Before venturing further on how Amazon transitioned from selling books to selling server resources, we need to talk about luck! In business and in personal life the importance of the role luck plays in deciding the outcomes of our actions is often understated. Unlike system design in engineering, in the real world the scope the systems we are part of cannot be defined with absolute certainty, there are just too many known and unknown variables at play. For the sake of argument and the continuation of this review, let’s define luck as all the factors that are beyond the control of the individual that has a moderating or causal relationship with the outcome the individual desires. 

Luck, it so happened was favorable for Amazon and Bezos when they first started out but this was not always the case. What I found out when I went about reading the book were the countless endeavors that Bezos and his team make that have little to no success. The book tells the story of a company that strives to better its core business, book retail while striving to attain the Bezos vision of transforming into a technology company. Work done by Jeff Wilkes on the Amazon’s fulfillment centers shows Amazon’s and Bezos commitment to their core business. 

Parallel to the efforts of “making what works better” Bezos and Amazon shows a relentless desire to venture out into the technological domain, book preview, A9 search and internal system modernization are examples of this desire. Though some of these endeavors had little success it becomes apparent that Bezos has not given up on the vision and when O’reilly proposes to expose Amazon sales data as API for the benefit of the community, it appears Bezos becomes aware of an another stakeholder of technology companies such as Amazon, the developers.
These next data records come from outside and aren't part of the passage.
lemma elliptical_standardized_spherical:
  fixes M :: "'a measure" and X :: "'a \<Rightarrow> real^'d" and V :: "real^'d^'d" and \<sigma> :: "'d \<Rightarrow> real"
  assumes "prob_space M" and measurable_X: "X \<in> borel_measurable M"
    and integrable_X: "integrable M (\<lambda>\<omega>. (norm (X \<omega>))\<^sup>2)"
    and ell: "elliptical M X \<mu> \<Sigma> \<phi>" and V: "orthogonal_matrix V"
    and \<Sigma>: "\<Sigma> = V ** diag_matrix (\<lambda>k. (\<sigma> k)\<^sup>2) ** transpose V" and \<sigma>: "\<And>k. 0 < \<sigma> k"
  shows "spherical_L2 M (\<lambda>\<omega>. \<chi> k. ((transpose V *v X \<omega>) $ k - (transpose V *v \<mu>) $ k) / \<sigma> k) \<phi>"
proof -
  interpret prob_space M by fact
  define \<nu> where "\<nu> = transpose V *v \<mu>"
  define Z where "Z = (\<lambda>\<omega>. \<chi> k. ((transpose V *v X \<omega>) $ k - \<nu> $ k) / \<sigma> k)"
  have "(\<lambda>x. \<chi> k. ((transpose V *v x) $ k - \<nu> $ k) / \<sigma> k) \<in> borel_measurable borel"
    using \<sigma> by (intro borel_measurable_continuous_onI continuous_on_vec_lambda continuous_intros
        linear_continuous_on matrix_vector_mul_bounded_linear) (auto simp: less_imp_neq[symmetric])
  then have "Z \<in> borel_measurable M"
    unfolding Z_def using measurable_compose[OF measurable_X] by blast
  then have spherical: "spherical M Z \<phi>"
    using char_standardized_elliptical[OF ell V \<Sigma> \<sigma>] by unfold_locales (simp_all add: Z_def \<nu>_def)
  then interpret spherical M Z \<phi> .
  have "integrable M (\<lambda>\<omega>. (Z \<omega> $ k)\<^sup>2)" for k
  proof (rule Bochner_Integration.integrable_bound)
    show "integrable M (\<lambda>\<omega>. 2 * ((norm (X \<omega>))\<^sup>2 + (\<nu> $ k)\<^sup>2) / (\<sigma> k)\<^sup>2)"
      using integrable_X by simp
    show "AE \<omega> in M. norm ((Z \<omega> $ k)\<^sup>2) \<le> norm (2 * ((norm (X \<omega>))\<^sup>2 + (\<nu> $ k)\<^sup>2) / (\<sigma> k)\<^sup>2)"
      using rotated_component_diff_sq_le[OF V] \<sigma>[of k]
      by (intro AE_I2) (simp add: Z_def power_divide divide_right_mono)
  qed measurable
  then have "integrable M (\<lambda>\<omega>. (norm (Z \<omega>))\<^sup>2)"
    by (simp add: norm_vec_sq)
  then have "spherical_L2 M Z \<phi>"
    by (intro spherical_L2.intro spherical spherical_L2_axioms.intro)
  then show ?thesis
    by (simp add: Z_def \<nu>_def)
qed

theorem theorem9:
  fixes M :: "'a measure"
    and X :: "'a \<Rightarrow> real^('d::{finite,linorder})"
    and \<mu> :: "real^('d::{finite,linorder})" and \<Sigma> V :: "real^('d::{finite,linorder})^('d::{finite,linorder})" and lam :: "('d::{finite,linorder}) \<Rightarrow> real"
    and \<phi> :: "real \<Rightarrow> complex" and \<alpha> :: real
  assumes "prob_space M"
    and "CARD('d) \<ge> 2"
    and "X \<in> borel_measurable M"
    and "integrable M (\<lambda>\<omega>. (norm (X \<omega>))\<^sup>2)"
    and "elliptical M X \<mu> \<Sigma> \<phi>"
    and "cov_matrix M X = \<Sigma>"
    and "\<forall>x. x \<noteq> 0 \<longrightarrow> x \<bullet> (\<Sigma> *v x) > 0"
    and "orthogonal_matrix V"
    and "\<Sigma> = V ** (\<chi> i j. if i = j then lam i else 0) ** transpose V"
    and "\<forall>i j. i \<le> j \<longrightarrow> lam j \<le> lam i"
    and "\<forall>i. lam i > 0"
    and "0 < \<alpha>" and "\<alpha> < 1"
    and "\<forall>i. measure M {\<omega> \<in> space M. (transpose V *v X \<omega>) $ i
              \<in> central_interval M (\<lambda>\<omega>. (transpose V *v X \<omega>) $ i) \<alpha>} > 0"
  shows "let Y = (\<lambda>\<omega>. transpose V *v X \<omega>);
             L = (\<lambda>i. cond_cov_matrix M
                    {\<omega> \<in> space M. Y \<omega> $ i \<in> central_interval M (\<lambda>\<omega>. Y \<omega> $ i) \<alpha>} Y)
         in (\<forall>i. frob_norm (L (Min UNIV)) \<le> frob_norm (L i) \<and> frob_norm (L i) \<le> frob_norm (L (Max UNIV)))
          \<and> (\<forall>i j. det (L i) = det (L j))
          \<and> (\<forall>i. op_norm (L (Min UNIV)) \<le> op_norm (L i))
          \<and> (\<forall>i j. i \<noteq> Min UNIV \<longrightarrow> j \<noteq> Min UNIV \<longrightarrow> op_norm (L i) = op_norm (L j))"
proof -
  interpret prob_space M by fact
  define \<sigma> where "\<sigma> k = sqrt (lam k)" for k
  have \<sigma>: "0 < \<sigma> k" "(\<sigma> k)\<^sup>2 = lam k" for k
    using assms(11) by (simp_all add: \<sigma>_def less_imp_le)
  define Z where "Z = (\<lambda>\<omega>. \<chi> k. ((transpose V *v X \<omega>) $ k - (transpose V *v \<mu>) $ k) / \<sigma> k)"
  interpret spherical_L2 M Z \<phi>
    unfolding Z_def using assms(1,3-5,8,9) \<sigma>
    by (intro elliptical_standardized_spherical) (simp_all add: diag_matrix_def)
  define Y where "Y = (\<lambda>\<omega>. transpose V *v X \<omega>)"
  have Y: "Y \<omega> = (\<chi> k. (transpose V *v \<mu>) $ k + \<sigma> k * Z \<omega> $ k)" for \<omega>
    using \<sigma>(1) by (simp add: Y_def Z_def vec_eq_iff less_imp_neq[symmetric])
  define m :: 'd where "m = Min UNIV"
  obtain j0 :: 'd where "j0 \<noteq> m"
    using assms(2) by (metis card_2_iff' ex_card)
  define l u where "l = quantile M (\<lambda>\<omega>. Z \<omega> $ m) (\<alpha> / 2)"
    and "u = quantile M (\<lambda>\<omega>. Z \<omega> $ m) (1 - \<alpha> / 2)"
  have events: "{\<omega>\<in>space M. Y \<omega> $ i \<in> central_interval M (\<lambda>\<omega>. Y \<omega> $ i) \<alpha>}
      = {\<omega>\<in>space M. Z \<omega> $ i \<in> {l..u}}" for i
    using central_event_affine[OF Y \<sigma>(1) assms(12,13)] by (simp add: central_interval_def l_def u_def)
  interpret spherical_slab M Z \<phi> l u m j0
    using \<open>j0 \<noteq> m\<close> assms(14) events by unfold_locales (auto simp: Y_def)
  have "cond_cov_matrix M {\<omega>\<in>space M. Y \<omega> $ i \<in> central_interval M (\<lambda>\<omega>. Y \<omega> $ i) \<alpha>} Y
      = spiked_diag lam slab_var_other slab_var i" for i
    unfolding events cond_cov_slab[OF Y] \<sigma>(2) ..
  then show ?thesis
    unfolding Let_def Y_def[symmetric]
    by (rule spiked_diag_norms[OF assms(10,11) slab_var_nonneg
          slab_var_le_other_central[OF assms(12,13) l_def u_def]])
qed

end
This seems to spark the interest in Bezos to provide services to outside developers with the infrastructure Amazon has worked tirelessly to be one of the best in the industry. This decision would have also been influenced by their previous successful experiences of providing warehousing services to external sellers with the superior FC’s Wilkes had built. 
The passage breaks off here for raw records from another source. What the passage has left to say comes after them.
lemma st_flow_sink_outflow_le_inflow:
  assumes "simple_dag V E" and f: "is_st_flow V E C s t f" and "t \<in> V" and st: "(s, t) \<in> E\<^sup>+"
  shows "outflow E f t \<le> inflow E f t"
proof -
  note dag = simple_dagD[OF assms(1)]
  define B where "B = E\<^sup>* `` {t}"
  have B: "B \<subseteq> V" "finite B"
    using rtrancl_closed_in[OF dag(2)] \<open>t \<in> V\<close> dag(1) by (auto simp: B_def intro: finite_subset)
  have "s \<notin> B"
    using st dag(4) by (auto simp: B_def acyclic_def dest: trancl_rtrancl_trancl)
  then have B_terminals: "B \<inter> {s, t} = {t}"
    by (auto simp: B_def)
  have "{e\<in>E. fst e \<in> B} \<subseteq> {e\<in>E. snd e \<in> B}"
    by (auto simp: B_def intro: rtrancl_into_rtrancl)
  then have "(\<Sum>e\<in>{e\<in>E. fst e \<in> B}. f e) \<le> (\<Sum>e\<in>{e\<in>E. snd e \<in> B}. f e)"
    using f dag(3) by (intro sum_mono2) (auto simp: is_st_flow_def)
  then show ?thesis
    using st_flow_cut_balance[OF f dag(3) B(2,1)] B_terminals by simp
qed

lemma st_flow_edge_le_flow_val:
  assumes "simple_dag V E" and f: "is_st_flow V E C s t f" and "t \<in> V" "(s, t) \<in> E\<^sup>+"
    and e: "e \<in> E"
  shows "f e \<le> flow_val E s f"
proof -
  note dag = simple_dagD[OF assms(1)]
  have f_nonneg: "\<forall>e\<in>E. 0 \<le> f e"
    using f by (simp add: is_st_flow_def)
  define A where "A = (E\<inverse>)\<^sup>* `` {fst e}"
  have A_V: "A \<subseteq> V"
    using rtrancl_closed_in[OF dag(2)] e dag(2) by (auto simp: A_def rtrancl_converse)
  then have A_finite: "finite A"
    using dag(1) finite_subset by auto
  have into_A: "{e\<in>E. snd e \<in> A} \<subseteq> {e\<in>E. fst e \<in> A}"
    by (auto simp: A_def intro: rtrancl_into_rtrancl)
  have "snd e \<notin> A"
    using e dag(4) by (auto simp: A_def acyclic_def rtrancl_converse dest: rtrancl_into_trancl2)
  then have e_leaves_A: "e \<in> {e\<in>E. fst e \<in> A} - {e\<in>E. snd e \<in> A}"
    using e by (simp add: A_def)
  have "f e \<le> (\<Sum>e\<in>{e\<in>E. fst e \<in> A} - {e\<in>E. snd e \<in> A}. f e)"
    by (rule member_le_sum) (use e_leaves_A f_nonneg dag(3) in auto)
  also have "\<dots> = (\<Sum>e\<in>{e\<in>E. fst e \<in> A}. f e) - (\<Sum>e\<in>{e\<in>E. snd e \<in> A}. f e)"
    using into_A dag(3) by (simp add: sum_diff)
  also have "\<dots> = (\<Sum>v\<in>A \<inter> {s, t}. outflow E f v - inflow E f v)"
    using st_flow_cut_balance[OF f dag(3) A_finite A_V] by simp
  also have "\<dots> \<le> (\<Sum>v\<in>A \<inter> {s, t}. if s = v then flow_val E s f else 0)"
  proof (rule sum_mono)
    fix v assume "v \<in> A \<inter> {s, t}"
    then show "outflow E f v - inflow E f v \<le> (if s = v then flow_val E s f else 0)"
      using st_flow_sink_outflow_le_inflow[OF assms(1-4)] inflow_nonneg[OF f_nonneg]
      by (auto simp: flow_val_eq_outflow)
  qed
  also have "\<dots> \<le> flow_val E s f"
    using A_finite outflow_nonneg[OF f_nonneg] by (simp add: flow_val_eq_outflow)
  finally show ?thesis .
qed

text \<open>The support invariant is what acyclicity acts on: it shows that the edge appended in
  the induction step carried no flow yet (so values stay in [0,1]) and that no flow enters x.\<close>

lemma trancl_unit_flow:
  assumes "finite E" "acyclic E" "(x, y) \<in> E\<^sup>+"
  shows "\<exists>g. (\<forall>e\<in>E. 0 \<le> g e \<and> g e \<le> 1) \<and>
    (\<forall>e\<in>E. g e \<noteq> 0 \<longrightarrow> (x, fst e) \<in> E\<^sup>* \<and> (snd e, y) \<in> E\<^sup>*) \<and>
    (\<forall>v. outflow E g v - inflow E g v = (if v = x then 1 else 0) - (if v = y then 1 else 0))"
  using assms(3)
proof (induction rule: trancl_induct)
  case (base y)
  then show ?case
    by (intro exI[of _ "\<lambda>e. if e = (x, y) then 1 else 0"])
      (auto simp: outflow_def inflow_def sum.delta assms(1))
next
  case (step z y)
  then obtain g where g_01: "\<forall>e\<in>E. 0 \<le> g e \<and> g e \<le> 1"
    and g_support: "\<forall>e\<in>E. g e \<noteq> 0 \<longrightarrow> (x, fst e) \<in> E\<^sup>* \<and> (snd e, z) \<in> E\<^sup>*"
    and g_net: "\<forall>v. outflow E g v - inflow E g v = (if v = x then 1 else 0) - (if v = z then 1 else 0)"
    by blast
  define h :: "'a \<times> 'a \<Rightarrow> real" where "h e = (if e = (z, y) then 1 else 0)" for e
  have h_net: "outflow E h v = (if v = z then 1 else 0)" "inflow E h v = (if v = y then 1 else 0)" for v
    using step(2) assms(1) by (auto simp: h_def outflow_def inflow_def sum.delta)
  have "g (z, y) = 0"
  proof (rule ccontr)
    assume "g (z, y) \<noteq> 0"
    then have "(y, z) \<in> E\<^sup>*"
      using g_support step(2) by auto
    with step(2) have "(z, z) \<in> E\<^sup>+"
      by (rule rtrancl_into_trancl2)
    with assms(2) show False
      by (simp add: acyclic_def)
  qed
  then have "\<forall>e\<in>E. 0 \<le> g e + h e \<and> g e + h e \<le> 1"
    using g_01 by (auto simp: h_def)
  moreover have "\<forall>e\<in>E. g e + h e \<noteq> 0 \<longrightarrow> (x, fst e) \<in> E\<^sup>* \<and> (snd e, y) \<in> E\<^sup>*"
    using g_support step(1,2) by (auto simp: h_def intro: rtrancl_into_rtrancl)
  moreover have "\<forall>v. outflow E (\<lambda>e. g e + h e) v - inflow E (\<lambda>e. g e + h e) v
      = (if v = x then 1 else 0) - (if v = y then 1 else 0)"
  proof
    fix v
    show "outflow E (\<lambda>e. g e + h e) v - inflow E (\<lambda>e. g e + h e) v
      = (if v = x then 1 else 0) - (if v = y then 1 else 0)"
      using g_net[rule_format, of v] by (simp add: outflow_add inflow_add h_net)
  qed
  ultimately show ?case
    by (intro exI[of _ "\<lambda>e. g e + h e"]) blast
qed

lemma unit_st_flow_exists:
  assumes "finite E" "acyclic E" "(s, t) \<in> E\<^sup>+"
  obtains g where "\<forall>e\<in>E. 0 \<le> g e \<and> g e \<le> 1"
    and "\<forall>v. v \<notin> {s, t} \<longrightarrow> inflow E g v = outflow E g v"
    and "flow_val E s g = 1"
proof -
  obtain g where g_01: "\<forall>e\<in>E. 0 \<le> g e \<and> g e \<le> 1"
    and g_support: "\<forall>e\<in>E. g e \<noteq> 0 \<longrightarrow> (s, fst e) \<in> E\<^sup>* \<and> (snd e, t) \<in> E\<^sup>*"
    and g_net: "\<forall>v. outflow E g v - inflow E g v = (if v = s then 1 else 0) - (if v = t then 1 else 0)"
    using trancl_unit_flow[OF assms] by blast
  have "s \<noteq> t"
    using assms(2,3) by (auto simp: acyclic_def)
  have "inflow E g s = 0"
    unfolding inflow_def
  proof (rule sum.neutral, intro ballI)
    fix e assume e: "e \<in> {e\<in>E. snd e = s}"
    show "g e = 0"
    proof (rule ccontr)
      assume "g e \<noteq> 0"
      then have "(s, fst e) \<in> E\<^sup>*"
        using g_support e by auto
      moreover have "(fst e, s) \<in> E"
        using e by (cases e) auto
      ultimately have "(s, s) \<in> E\<^sup>+"
        by (rule rtrancl_into_trancl1)
      with assms(2) show False
        by (simp add: acyclic_def)
    qed
  qed
  then have "flow_val E s g = 1"
    using g_net[rule_format, of s] \<open>s \<noteq> t\<close> by (simp add: flow_val_eq_outflow)
  moreover have "\<forall>v. v \<notin> {s, t} \<longrightarrow> inflow E g v = outflow E g v"
  proof (intro allI impI)
    fix v assume "v \<notin> {s, t}"
    then show "inflow E g v = outflow E g v"
      using g_net[rule_format, of v] by simp
  qed
  ultimately show ?thesis
    using g_01 that by blast
qed

lemma st_flow_augment:
  assumes f: "is_st_flow V E C s t f"
    and g: "\<forall>v. v \<notin> {s, t} \<longrightarrow> inflow E g v = outflow E g v"
    and bounds: "\<forall>e\<in>E. 0 \<le> d * g e \<and> f e + d * g e \<le> C e"
  shows "is_st_flow V E C s t (\<lambda>e. f e + d * g e)"
    and "flow_val E s (\<lambda>e. f e + d * g e) = flow_val E s f + d * flow_val E s g"
  using assms by (auto simp: is_st_flow_iff flow_val_eq_outflow outflow_add inflow_add
      outflow_cmult inflow_cmult)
By the early 2000’s the foundation was finally in place for Amazon’s foray into the cloud. Bezos puts a resourceful executive Anday Jassy in charge of his latest pet project Amazon Web Services(AWS). Just like with his decision to start Amazon, luck was favorable. The competition, Google and Microsoft had their attention on the shining new opportunity Steve Jobs and Apple had uncovered with the iPhone. For the competition, on one hand was the proven success and sizeable profits of smart phones and on the other a barely break even, untested opportunity developer services offered. By mid 2000’s Amazon rolls out EC2 and S3 giving it close to half a decade's head start over the competition.

In my opinion the Amazon story tell you that, not all good decisions pay off but if you keep repeatedly making good rational decisions, you milk what works for all it’s worth and you have some luck on your side you are bound to do well. What makes Bezos a great leader to me is his ability to keep identifying good opportunities, be it in business ventures or hiring great people. Time will tell if he will be remembered as one of the greatest.